(* Let $S\subset\mathbb{R}^p$ be a compact set with $\mathrm{cl}(\mathrm{int}(S))=S$ and let $\mu_S$ be the uniform probability measure on $S$. Let $\mathbf{x}\notin S$ and let $\delta$ be such that $\mathrm{dist}(\mathbf{x},S)\ge\delta$. Then for every positive integer $d$, \[s(d)\,\Lambda_{\mu_S,d}(\mathbf{x})\le 2^{3-\frac{\delta d}{\delta+\mathrm{diam}(S)}}\,d^p\left(\frac{e}{p}\right)^p\exp\left(\frac{p^2}{d}\right).\]
   Context: $\mu_S=\lambda_S/\lambda(S)$ where $\lambda_S$ is the restriction of Lebesgue measure to $S$; $\mathrm{diam}(S)$ is the diameter of $S$; $s(d)=\binom{p+d}{d}$. For a finite Borel measure $\nu$ with finite moments, $\Lambda_{\nu,d}(\xi)=\min\{\int P^2\,d\nu: P\in\mathbb{R}[X]_d,\ P(\xi)=1\}$, where $\mathbb{R}[X]_d$ is the space of real polynomials in $p$ variables of total degree at most $d$. *)

theory Defs
  imports "HOL-Analysis.Analysis"
begin

definition multi_idx :: "nat \<Rightarrow> ('n::finite \<Rightarrow> nat) set" where
  "multi_idx d = {\<alpha>. (\<Sum>i\<in>UNIV. \<alpha> i) \<le> d}"

definition monomial_fn :: "('n::finite \<Rightarrow> nat) \<Rightarrow> real^'n \<Rightarrow> real" where
  "monomial_fn \<alpha> x = (\<Prod>i\<in>UNIV. (x $ i) ^ (\<alpha> i))"

definition polys_deg :: "nat \<Rightarrow> (real^'n::finite \<Rightarrow> real) set" where
  "polys_deg d = {P. \<exists>c. P = (\<lambda>x. \<Sum>\<alpha>\<in>multi_idx d. c \<alpha> * monomial_fn \<alpha> x)}"

definition christoffel :: "(real^'n::finite) measure \<Rightarrow> nat \<Rightarrow> real^'n \<Rightarrow> real" where
  "christoffel \<nu> d \<xi> = Inf {integral\<^sup>L \<nu> (\<lambda>x. (P x)^2) | P. P \<in> polys_deg d \<and> P \<xi> = 1}"

definition unif_meas :: "(real^'n::finite) set \<Rightarrow> (real^'n) measure" where
  "unif_meas S = uniform_measure lborel S"

definition sdim :: "nat \<Rightarrow> nat \<Rightarrow> nat" where
  "sdim p d = (p + d) choose d"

(WORK TO COMPLETE) Across the data, pull every line containing the string "finite".

(SOLUTION BELOW)
   Context: $\mu_S=\lambda_S/\lambda(S)$ where $\lambda_S$ is the restriction of Lebesgue measure to $S$; $\mathrm{diam}(S)$ is the diameter of $S$; $s(d)=\binom{p+d}{d}$. For a finite Borel measure $\nu$ with finite moments, $\Lambda_{\nu,d}(\xi)=\min\{\int P^2\,d\nu: P\in\mathbb{R}[X]_d,\ P(\xi)=1\}$, where $\mathbb{R}[X]_d$ is the space of real polynomials in $p$ variables of total degree at most $d$. *)
definition multi_idx :: "nat \<Rightarrow> ('n::finite \<Rightarrow> nat) set" where
definition monomial_fn :: "('n::finite \<Rightarrow> nat) \<Rightarrow> real^'n \<Rightarrow> real" where
definition polys_deg :: "nat \<Rightarrow> (real^'n::finite \<Rightarrow> real) set" where
definition christoffel :: "(real^'n::finite) measure \<Rightarrow> nat \<Rightarrow> real^'n \<Rightarrow> real" where
definition unif_meas :: "(real^'n::finite) set \<Rightarrow> (real^'n) measure" where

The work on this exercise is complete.